When you create an instance of Datasetthe training dataset, it is divided into two. From these parts one will be used to train the model and another to evaluate the accuracy of the model. With the part that is left to evaluate at no time will the model be trained. This part will serve so that at the end of each iteration of the main loop the labels are predicted on them, then they are compared with the original labels and the percentage of success of the model is calculated. These values ​​are stored in a list, to then graph and analyze the performance throughout the iterations.
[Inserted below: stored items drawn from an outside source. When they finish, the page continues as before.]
lemma parseval_means_tendsto:
  assumes holG: "G holomorphic_on UNIV" and holP: "P holomorphic_on UNIV"
    and approx: "\<And>w. w \<in> ellipse_domain \<xi> \<Longrightarrow>
                   \<bar>(norm (G w))\<^sup>2 - Re (P w)\<bar> \<le> M * (1 - ellipse_form \<xi> w)"
  shows "((\<lambda>r. \<Sum>k. (norm (taylor_coeff (\<lambda>z. G (f z)) k))\<^sup>2 * r ^ (2 * k)) \<longlongrightarrow> Re (P 0)) (at_left 1)"
proof (rule tendstoI)
  fix \<epsilon> :: real assume "\<epsilon> > 0"
  have holg: "(\<lambda>z. G (f z)) holomorphic_on ball 0 1"
    using holomorphic_on_compose_gen[OF holomorphic holG] by (simp add: o_def)
  have holPf: "(\<lambda>z. P (f z)) holomorphic_on ball 0 1"
    using holomorphic_on_compose_gen[OF holomorphic holP] by (simp add: o_def)
  have "0 \<le> M"
    using approx[of 0] by (simp add: ellipse_domain_eq ellipse_form_def)
  define \<delta> where "\<delta> = \<epsilon> / (2 * (M + 1))"
  have "\<delta> > 0" "M * \<delta> < \<epsilon>"
    using \<open>\<epsilon> > 0\<close> \<open>0 \<le> M\<close> by (auto simp: \<delta>_def field_simps intro!: add_nonneg_pos)
  show "\<forall>\<^sub>F r in at_left 1.
          dist (\<Sum>k. (norm (taylor_coeff (\<lambda>z. G (f z)) k))\<^sup>2 * r ^ (2 * k)) (Re (P 0)) < \<epsilon>"
    using eventually_conj[OF eventually_ellipse_form_near_1[OF \<open>\<delta> > 0\<close>] eventually_at_left_real[OF zero_less_one]]
  proof (rule eventually_mono, clarify)
    fix r :: real assume r: "r \<in> {0<..<1}" and near: "\<forall>z. norm z = r \<longrightarrow> 1 - \<delta> < ellipse_form \<xi> (f z)"
    have "\<bar>(norm (G (f z)))\<^sup>2 - Re (P (f z))\<bar> \<le> M * \<delta>" if "norm z = r" for z
    proof -
      have "f z \<in> ellipse_domain \<xi>"
        using image that r by auto
      then show ?thesis
        using approx[of "f z"] near that \<open>0 \<le> M\<close> by (smt (verit) mult_left_mono)
    qed
    then have "\<bar>(\<Sum>k. (norm (taylor_coeff (\<lambda>z. G (f z)) k))\<^sup>2 * r ^ (2 * k)) - Re (P (f 0))\<bar> \<le> M * \<delta>"
      using parseval_harmonic_remainder[OF holg holPf] r by simp
    then show "dist (\<Sum>k. (norm (taylor_coeff (\<lambda>z. G (f z)) k))\<^sup>2 * r ^ (2 * k)) (Re (P 0)) < \<epsilon>"
      using \<open>M * \<delta> < \<epsilon>\<close> by (simp add: dist_real_def zero)
  qed
qed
The percentage of data left for tests is defined by initializing the instance of Datasetpassing it as a parameter in test_sizea value between 0 and 1 indicating the percentage that is left for test. By default, this value is 0.2, which translates to 20% of the data being left for testing.

Future work could be cross validation? (or not, xq if you start with few data then the ones labeled using the selector of greater certainty makes a very high validation obtained when you are constantly adding new data about which the model predicts with much security)

Input format

Since generality is sought, the framework will not provide features extraction features, but it is expected that users provide the vectorized dataset, ie a list of instances where each in turn is a list containing the values ​​of the features.